Abstract: Declining snowfall in mountainous regions is a major consequence of climate change that impacts snowpack and ultimately streamflow timing and magnitude. In the western U.S., declining average snowfall is well established, but changes in snowfall intensity and snow intermittence are less well understood yet have significant consequences for terrestrial hydrology, snow-dependent ecosystems, and streamflow. For instance, changing snowfall intensity can alter the snow energy balance, altering mid-winter melt. Intermittence of the snowpack can impact soil temperature and moisture dynamics, but the impacts of climate change on snow intermittence are complex: for instance, warmer temperatures could increase ablation events that increase intermittence, but could also reduce the probability of shoulder season snowfall events, when intermittence is most likely. This talk describes the impacts of changing snowfall intensity on mid-winter melt in historical and projected future climates, the climatic factors that contribute to snow intermittence, and observed changes in snow intermittence.
Biography: Dr. Adrienne Marshall is a computational hydrologist who uses process-based modeling and data science approaches to study climate change impacts on snow, ecohydrology, permafrost, and hydropower. Her research interests are united by a desire to understand how climate change is altering water resources, and solutions to these problems from both adaptation and mitigation perspectives. Dr. Marshall is an Assistant Professor in the Geology and Geological Engineering Department with an affiliation with the Hydrologic Sciences and Engineering program at the Colorado School of Mines. She holds a doctorate in water resources from the University of Idaho, an master’s degree in energy and resources from U.C. Berkeley, and a bachelor’s degree in biology from Scripps College.
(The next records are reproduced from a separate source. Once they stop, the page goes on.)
(* Let $g(x)=\alpha x^{q^k}+\beta x$ with $\alpha\in\mathbb{F}_{q^n}^*$, $\beta\in\mathbb{F}_{q^n}$, $1\le k<n$, let $f(y)=a_dy^{q^d}$ with $a_d\in\mathbb{F}_{q^n}^*$, $0\le d<n$, and let $0\le h<n$ with $h\ne d$. (1) If $\beta=0$, then $L_g\cap L_f\ne\emptyset$ if and only if $\mathrm{N}_{q^n/q^e}(a_d/\alpha)=1$, where $e=\gcd(n,k,d-h)$. (2) If $\beta\neq0$ and $k+|d-h|\le n/2$, then $L_g\cap L_f\neq\emptyset$.
   Context: Let $q$ be a prime power, $n\ge2$. For $e\mid n$, $\mathrm{N}_{q^n/q^e}(x)=x^{(q^n-1)/(q^e-1)}$; $\gcd$ is taken positive. For $q$-polynomials $g,f$ over $\mathbb{F}_{q^n}$ and an integer $0\le h<n$: $L_g=\{\langle(x,g(x))\rangle_{\mathbb{F}_{q^n}}:x\in\mathbb{F}_{q^n}^*\}$ and $L_f=\{\langle(y^{q^h},f(y))\rangle_{\mathbb{F}_{q^n}}:y\in\mathbb{F}_{q^n}^*\}$, points of $\mathrm{PG}(1,q^n)$. *)

theory Defs
  imports "HOL-Computational_Algebra.Primes"
begin

text \<open>The point of PG(1,F) spanned by the nonzero vector (a,b): the 1-dimensional
  F-subspace {(c*a, c*b) | c}.\<close>
definition proj_pt :: "'a::field \<Rightarrow> 'a \<Rightarrow> ('a \<times> 'a) set" where
  "proj_pt a b = {(c * a, c * b) | c. True}"

definition L_graph :: "('a::field \<Rightarrow> 'a) \<Rightarrow> ('a \<times> 'a) set set" where
  "L_graph g = {proj_pt x (g x) | x. x \<noteq> 0}"

definition L_twisted :: "nat \<Rightarrow> nat \<Rightarrow> ('a::field \<Rightarrow> 'a) \<Rightarrow> ('a \<times> 'a) set set" where
  "L_twisted q h f = {proj_pt (y ^ (q ^ h)) (f y) | y. y \<noteq> 0}"

definition rel_norm :: "nat \<Rightarrow> nat \<Rightarrow> nat \<Rightarrow> 'a::field \<Rightarrow> 'a" where
  "rel_norm q n e x = x ^ ((q ^ n - 1) div (q ^ e - 1))"

end

theory Submission
  imports Defs "HOL-Algebra.Algebraic_Closure_Type" "HOL-Analysis.Complex_Transcendental"
begin

(* A point common to L_g and L_f is a pair x, y <> 0 with x f(y) = y^(q^h) g(x).  Cancelling x
   and absorbing the Frobenius twist (y |-> y^(q^j) permutes the nonzero elements) turns this into:
   some u = x^(q^k - 1) makes (alpha u + beta)/a_d a (q^t - 1)-th power, where t = |d - h|.  In the
   cyclic group F^* the nonzero r-th powers are the kernel of w |-> w^((q^n - 1)/gcd(r, q^n - 1)).

   For beta = 0 the condition says that a_d/alpha is a product of a (q^k - 1)-th and a (q^t - 1)-th
   power, i.e. a (q^e - 1)-th power with e = gcd(n, k, t), i.e. an element of norm 1 over F_(q^e).

   For beta <> 0 one needs s <> 0, 1 such that -beta s/alpha and beta (1 - s)/a_d lie in the
   subgroups of indices m1 <= q^k - 1 and m2 <= q^t - 1.  Expanding both indicator functions into
   multiplicative characters, m1 m2 times the number of such s is q^n - 2 plus m1 m2 - 1 Jacobi sums
   of absolute value at most q^(n/2); this is positive as soon as (m1 m2 - 1) q^(n/2) < q^n - 2,
   which k + t <= n/2 guarantees. *)

lemma two_le_card_field: "2 \<le> CARD('a::{finite,field})"
  using card_mono[of UNIV "{0::'a, 1}"] by simp

lemma power_card_minus_one_eq_1:
  fixes x :: "'a::{finite,field}"
  assumes "x \<noteq> 0"
  shows "x ^ (CARD('a) - 1) = 1"
proof -
  let ?P = "\<Prod>y\<in>UNIV - {0::'a}. y"
  have "(\<Prod>y\<in>UNIV - {0}. x * y) = ?P"
    by (rule prod.reindex_bij_witness[of _ "\<lambda>y. y / x" "\<lambda>y. x * y"]) (use assms in auto)
  then have "x ^ (CARD('a) - 1) * ?P = 1 * ?P"
    by (simp add: prod.distrib card_Diff_singleton)
  moreover have "?P \<noteq> 0" by simp
  ultimately show ?thesis by (rule mult_right_cancel[THEN iffD1, rotated])
qed
(* Let $S$ be a finite Rhodes semisimple semigroup and let $\Omega$ be a finite semisimple partial $S$-set. Then the action of $S$ on $\Omega$ is faithful if and only if, for each $\mathsf{RM}$-irreducible $\mathscr J$-class $J$ of $S$: (1) $\Omega_J\neq\emptyset$; and (2) $\Omega_Je_J$ is a faithful $M_J$-set.
   Context: All semigroups are finite and act on the right. $\mathscr J$-classes are ordered by $J'\le J$ iff $S^1J'S^1\subseteq S^1JS^1$; a $\mathscr J$-class is regular if it contains an idempotent. For each regular $\mathscr J$-class $J$ fix an idempotent $e_J\in J$ and let $G_J$ be its maximal subgroup. For a regular $\mathscr J$-class $J$: $s\equiv_J t$ iff for all $x,y\in J$, $xsy\in J\iff xty\in J$, and if both lie in $J$ then $xsy=xty$; $s\equiv_{\mathsf{RM},J}t$ iff for all $x\in J$, $xs\in J\iff xt\in J$, and if both lie in $J$ then $xs=xt$. $S$ is Rhodes semisimple if $\bigcap_J\equiv_J$ (over regular $J$) is the equality relation. A regular $J$ is $\mathsf{RM}$-irreducible if $\bigcap_{J'<J}\equiv_{\mathsf{RM},J'}\not\subseteq\equiv_{\mathsf{RM},J}$ (over regular $J'<J$; empty intersection is universal). For such $J$, $M_J=\{g\in G_J\mid g\equiv_{\mathsf{RM},J'}e_J\ \forall\text{ regular }J'<J\}$. A partial $S$-set is a finite set $\Omega$ with a right action of $S$ by partial maps (equalities of possibly undefined expressions mean both undefined or both defined and equal); it is faithful if distinct elements act as distinct partial maps. The strong orbit of $\alpha$ is $\{\beta\in\Omega\mid \alpha S^1=\beta S^1\}$; it is null if $\mathscr O S\cap\mathscr O=\emptyset$ and transitive otherwise. $\Omega$ is semisimple if every strong orbit is transitive and $S$-invariant (if $\alpha\in\mathscr O$ and $\alpha s$ is defined then $\alpha s\in\mathscr O$). Each such strong orbit $\mathscr O$ is a partial $S$-set in its own right, and there is a unique minimal $\mathscr J$-class $J$ with $\mathscr O s\neq\emptyset$ for some $s\in J$; it is regular and called the apex of $\mathscr O$. $\Omega_J$ denotes the union of the strong orbits with apex $J$, and $\Omega_Je_J=\{\alpha e_J\mid\alpha\in\Omega_J,\ \alpha e_J \text{ defined}\}$, on which $G_J$ acts by permutations. *)

theory Defs
  imports Main
begin

text \<open>A finite semigroup is modelled by a type of class semigroup_mult and finite;
  the semigroup S is UNIV. Elements of S^1 are handled by writing out the four cases.\<close>

definition ideal2 :: "'a::semigroup_mult set \<Rightarrow> 'a set" where
  "ideal2 A = A \<union> {x * a | x a. a \<in> A} \<union> {a * y | a y. a \<in> A}
              \<union> {x * a * y | x a y. a \<in> A}"

definition rideal :: "'a::semigroup_mult \<Rightarrow> 'a set" where
  "rideal a = {a} \<union> {a * y | y. True}"

definition lideal :: "'a::semigroup_mult \<Rightarrow> 'a set" where
  "lideal a = {a} \<union> {x * a | x. True}"

definition Jclass :: "'a::semigroup_mult \<Rightarrow> 'a set" where
  "Jclass a = {b. ideal2 {b} = ideal2 {a}}"

definition is_Jclass :: "'a::semigroup_mult set \<Rightarrow> bool" where
  "is_Jclass J \<longleftrightarrow> (\<exists>a. J = Jclass a)"

definition Jle :: "'a::semigroup_mult set \<Rightarrow> 'a set \<Rightarrow> bool" where
  "Jle J' J \<longleftrightarrow> ideal2 J' \<subseteq> ideal2 J"

definition Jless :: "'a::semigroup_mult set \<Rightarrow> 'a set \<Rightarrow> bool" where
  "Jless J' J \<longleftrightarrow> Jle J' J \<and> J' \<noteq> J"

definition regularJ :: "'a::semigroup_mult set \<Rightarrow> bool" where
  "regularJ J \<longleftrightarrow> is_Jclass J \<and> (\<exists>e\<in>J. e * e = e)"

definition Hgroup :: "'a::semigroup_mult \<Rightarrow> 'a set" where
  "Hgroup e = {g. rideal g = rideal e \<and> lideal g = lideal e}"

definition equivJ :: "'a::semigroup_mult set \<Rightarrow> 'a \<Rightarrow> 'a \<Rightarrow> bool" where
  "equivJ J s t \<longleftrightarrow> (\<forall>x\<in>J. \<forall>y\<in>J. (x * s * y \<in> J \<longleftrightarrow> x * t * y \<in> J)
                       \<and> (x * s * y \<in> J \<longrightarrow> x * s * y = x * t * y))"

definition equivRM :: "'a::semigroup_mult set \<Rightarrow> 'a \<Rightarrow> 'a \<Rightarrow> bool" where
  "equivRM J s t \<longleftrightarrow> (\<forall>x\<in>J. (x * s \<in> J \<longleftrightarrow> x * t \<in> J)
                       \<and> (x * s \<in> J \<longrightarrow> x * s = x * t))"

definition rhodes_semisimple :: "'a::semigroup_mult itself \<Rightarrow> bool" where
  "rhodes_semisimple _ \<longleftrightarrow>
     (\<forall>s t::'a. (\<forall>J. regularJ J \<longrightarrow> equivJ J s t) \<longrightarrow> s = t)"

definition RM_irreducible :: "'a::semigroup_mult set \<Rightarrow> bool" where
  "RM_irreducible J \<longleftrightarrow> regularJ J \<and>
     \<not> (\<forall>s t. (\<forall>J'. regularJ J' \<and> Jless J' J \<longrightarrow> equivRM J' s t) \<longrightarrow> equivRM J s t)"

definition MJ :: "('a::semigroup_mult set \<Rightarrow> 'a) \<Rightarrow> 'a set \<Rightarrow> 'a set" where
  "MJ e J = {g \<in> Hgroup (e J). \<forall>J'. regularJ J' \<and> Jless J' J \<longrightarrow> equivRM J' g (e J)}"

definition partial_Sset :: "'b set \<Rightarrow> ('b \<Rightarrow> 'a::semigroup_mult \<Rightarrow> 'b option) \<Rightarrow> bool" where
  "partial_Sset \<Omega> act \<longleftrightarrow> finite \<Omega> \<and>
     (\<forall>\<alpha>\<in>\<Omega>. \<forall>s \<beta>. act \<alpha> s = Some \<beta> \<longrightarrow> \<beta> \<in> \<Omega>) \<and>
     (\<forall>\<alpha>\<in>\<Omega>. \<forall>s t. act \<alpha> (s * t) = (case act \<alpha> s of None \<Rightarrow> None | Some \<beta> \<Rightarrow> act \<beta> t))"

definition faithful_action :: "'b set \<Rightarrow> ('b \<Rightarrow> 'a \<Rightarrow> 'b option) \<Rightarrow> 'a set \<Rightarrow> bool" where
  "faithful_action \<Omega> act T \<longleftrightarrow>
     (\<forall>s\<in>T. \<forall>t\<in>T. (\<forall>\<alpha>\<in>\<Omega>. act \<alpha> s = act \<alpha> t) \<longrightarrow> s = t)"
Dr. Efrat Morin, Ph.D., professor, Institute of Earth Sciences, Hebrew University of Jerusalem
Abstract: More than a quarter of the earth's land area is under an arid climate regime, and the population size in such regions is steadily increasing. Rainfall in arid areas is scarce and meager, but rain intensities can be high. Falling on bare soil or exposed rock surfaces, covered by only sparse vegetation, runoff generation is fast and may lead to large flash floods. In this presentation, we discuss flash flood characteristics and hydrometeorological processes in an arid environment, demonstrated in the region of the Eastern Mediterranean. Rainfall, as the major forcing, is first considered. We show that although storm rain depth is much lower in arid areas than in more humid regions, local rain intensities of short durations and long recurrence intervals are typically higher. Rainstorms are often composed of convective rain cells of only a few km radii and a short life span. We present a climatological analysis of space-time properties of convective rain cells in arid areas derived from a long, high-resolution radar rainfall data record. Next, the sensitivity of flash flood magnitude to rainfall properties is considered. In arid regions, this sensitivity is amplified due to the relatively minor role of antecedent conditions and soil moisture content, and the primary role of rain intensities, for flash flood generation. In fact, large flash floods can be produced by a single convective rain cell. We present the dependency of flash flood magnitude on rain cell properties such as intensity, area, location, direction, and speed, both from a statistical point of view and using hydrological models. In the last part, we discuss how the above unique relationships are manifested in flash flood characteristics. Specifically, we consider flood peak discharge and envelop curves, hydrograph shapes, lag times, runoff to rainfall ratios, and more. We also discuss the effect of catchment size on flash flood magnitude, considering rainstorm size and the additional impact of transmission losses that can be dominant in arid catchments.
Biography: Dr. Efrat Morin is a professor at the Institute of Earth Sciences of the Hebrew University of Jerusalem, Israel. She has all her degrees from the Hebrew University, and her post-doc was at the Department of Hydrology and Water Resources at the University of Arizona. Her research focuses on understanding, modeling, and predicting dominant processes and interactions of hydrological and meteorological systems at different space-time scales. In particular, she is interested in space-time patterns of precipitation fields and how these are related to meteorological controls on the one hand and hydrological impacts on the other.